第2話 それぞれの片想い
「もう!見たでしょ!?今朝の瑞乃を!」
昼休み。お弁当を食べた後に広夢と2人で話をした。
「見たよ。すごい気分が良さそうだった。」
「柚がファインプレーしちゃったからね。日曜日どうすんの?康作誘ったの?」
「あ、まだだったわ。」
と、スローペースな広夢にイライラする私。
「何してんの!早く声掛けなきゃ!康作ダメだったら柚?柚ダメだったら誰に声かける?その辺も全部決めておかなきゃダメー!」
「純理、そんなに逢坂と瑞乃にくっつかせたくないんだ?」
と広夢に言われたけど、
「失礼な!!それもあるけど私は広夢が瑞乃と結ばれて欲しいの!!」
と返す。
「お、おう…。」
うん、でも広夢の言う通り、広夢や瑞乃の望む方向より、逢坂と自分の友達をくっつけさせたくないっていう私情が大きくなっている気はする。
あんなよく分からん八方美人エセ王子なんかとは付き合って欲しくない。なんで瑞乃、アイツを好きになるかなぁ。
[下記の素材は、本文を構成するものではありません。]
lemma stable: "lyapunov_stable F p"
  unfolding lyapunov_stable_def
proof (intro allI impI)
  fix \<epsilon> :: real assume "0 < \<epsilon>"
  define m where "m = min r (\<epsilon>\<^sup>2)"
  have "0 < m" using r_pos \<open>0 < \<epsilon>\<close> by (simp add: m_def)
  show "\<exists>\<delta>>0. \<forall>x b. ode_solution F x {0..b} \<and> dist (x 0) p < \<delta> \<longrightarrow> (\<forall>t\<in>{0..b}. dist (x t) p < \<epsilon>)"
  proof (intro exI conjI allI impI ballI)
    show "0 < sqrt (m / max 1 M)" using \<open>0 < m\<close> by simp
    fix x b t assume "ode_solution F x {0..b} \<and> dist (x 0) p < sqrt (m / max 1 M)" "t \<in> {0..b}"
    moreover from this have "V (x 0) < m" using V_less_if_dist_less \<open>0 < m\<close> by blast
    ultimately have "dist (x t) p \<le> sqrt (V (x 0) * exp (- c * t))"
      by (intro dist_solution_le) (auto simp: m_def)
    also have "\<dots> \<le> sqrt (V (x 0))"
      using V_nonneg[of "x 0"] c_pos \<open>t \<in> {0..b}\<close> by (simp add: mult_left_le)
    also have "\<dots> < sqrt (\<epsilon>\<^sup>2)"
      using \<open>V (x 0) < m\<close> by (intro real_sqrt_less_mono) (simp add: m_def)
    also have "\<dots> = \<epsilon>"
      using \<open>0 < \<epsilon>\<close> by simp
    finally show "dist (x t) p < \<epsilon>" .
  qed
qed

lemma attractive: "\<exists>\<delta>>0. \<forall>x. ode_solution F x {0..} \<and> dist (x 0) p < \<delta> \<longrightarrow> (x \<longlongrightarrow> p) at_top"
proof (intro exI conjI allI impI)
  show "0 < sqrt (r / max 1 M)" using r_pos by simp
  fix x assume x: "ode_solution F x {0..} \<and> dist (x 0) p < sqrt (r / max 1 M)"
  then have "V (x 0) < r" using V_less_if_dist_less r_pos by blast
  have "dist (x t) p \<le> sqrt (V (x 0) * exp (- c * t))" if "0 \<le> t" for t
    using dist_solution_le[of x t t] x ode_solution_subset[of F x "{0..}" "{0..t}"] that \<open>V (x 0) < r\<close>
    by auto
  then have ev: "\<forall>\<^sub>F t in at_top. dist (x t) p \<le> sqrt (V (x 0) * exp (- c * t))"
    unfolding eventually_at_top_linorder by blast
  have "((\<lambda>t. exp (- c * t)) \<longlongrightarrow> 0) at_top"
    using c_pos by real_asymp
  then have lim: "((\<lambda>t. sqrt (V (x 0) * exp (- c * t))) \<longlongrightarrow> 0) at_top"
    using tendsto_real_sqrt[OF tendsto_mult_left[of _ 0 _ "V (x 0)"]] by simp
  have "((\<lambda>t. dist (x t) p) \<longlongrightarrow> 0) at_top"
    by (rule tendsto_sandwich[OF _ ev tendsto_const lim]) simp
  then show "(x \<longlongrightarrow> p) at_top" by (rule tendsto_dist_iff[THEN iffD2])
qed

theorem asymptotically_stable: "locally_asymptotically_stable F p"
  using F_zero stable attractive unfolding locally_asymptotically_stable_def equilibrium_def by blast

end

definition lipschitzian_on :: "'a::metric_space set \<Rightarrow> ('a \<Rightarrow> 'b::metric_space) \<Rightarrow> bool"
  where "lipschitzian_on X f \<longleftrightarrow> (\<exists>L. L-lipschitz_on X f)"

lemma lipschitzian_on_const: "lipschitzian_on X (\<lambda>x. c)"
  unfolding lipschitzian_on_def using lipschitz_on_constant by blast
(* Let $(\mathfrak{h},\langle\cdot,\cdot\rangle)$ be a Kundt pair on $\mathfrak{sol}$. Then it is equivalent to $(\mathfrak{h}_0,\langle\cdot,\cdot\rangle_0)$ where, with matrices taken in the basis $(X_1,X_2,X_3)$, either (1) $\langle\cdot,\cdot\rangle_0=\begin{pmatrix}\lambda&0&0\\0&0&-1\\0&-1&0\end{pmatrix}$, $\lambda>0$, and $\mathfrak{h}_0=\mathrm{span}\{X_2,X_1\}$ or $\mathfrak{h}_0=\mathrm{span}\{X_3,X_1\}$; (2) $\langle\cdot,\cdot\rangle_0=\begin{pmatrix}\lambda^2&0&0\\0&\lambda&1\\0&1&0\end{pmatrix}$, $\lambda\neq 0$, and $\mathfrak{h}_0=\mathrm{span}\{X_3,X_1\}$; (3) $\langle\cdot,\cdot\rangle_0=\begin{pmatrix}0&0&-\frac{2}{b}\\0&1&1\\-\frac{2}{b}&1&1\end{pmatrix}$, $b>0$, and $\mathfrak{h}_0=\mathrm{span}\{X_2,X_3\}$; or (4) $\langle\cdot,\cdot\rangle_0=\begin{pmatrix}0&0&1\\0&1&0\\1&0&0\end{pmatrix}$ and $\mathfrak{h}_0=\mathrm{span}\{X_2,X_3\}$.
   Context: $\mathfrak{sol}$ has basis $(X_1,X_2,X_3)$ with only nonzero brackets $[X_1,X_2]=X_2$, $[X_1,X_3]=-X_3$. For a Lorentzian scalar product $\langle\cdot,\cdot\rangle$ on a Lie algebra $\mathfrak{g}$, the Levi-Civita product is defined by $2\langle u\bullet v,w\rangle=\langle[u,v],w\rangle+\langle[w,u],v\rangle+\langle[w,v],u\rangle$. A Kundt pair on $\mathfrak{g}$ is a pair consisting of a Lorentzian scalar product $\langle\cdot,\cdot\rangle$ and a codimension one subalgebra $\mathfrak{h}$ which is $\langle\cdot,\cdot\rangle$-degenerate, stable by $\bullet$, and such that $e\bullet e=0$ for all $e\in\mathfrak{h}^\perp$. Two Kundt pairs $(\mathfrak{h}_1,\langle\cdot,\cdot\rangle_1)$, $(\mathfrak{h}_2,\langle\cdot,\cdot\rangle_2)$ are equivalent if there is a Lie algebra automorphism $\phi$ of $\mathfrak{g}$ with $\phi(\mathfrak{h}_1)=\mathfrak{h}_2$ and $\phi^*\langle\cdot,\cdot\rangle_2=\langle\cdot,\cdot\rangle_1$. *)

theory Defs
  imports "HOL-Analysis.Analysis"
begin

text \<open>The Lie algebra sol is modelled on real^3; the vector u corresponds to
  u$1 X1 + u$2 X2 + u$3 X3, so X_i = axis i 1.\<close>

definition X :: "3 \<Rightarrow> real^3" where
  "X i = axis i 1"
ひとまず康作に広夢がその後予定を聞いたらしく、運良く空いていた。しかし危うく瑞乃にも「日曜日よろしくー!」なんて声をかけそうになったから、康作にも事情を説明する事にした。
「あぁ、そういう感じね!了解了解ー!」
と康作は納得してくれたけど、上手くいくかなぁ…。
そして迎えた日曜日。瑞乃には私が行けないから、代わりに康作と広夢が来てくれる事は土曜日に伝えておいた。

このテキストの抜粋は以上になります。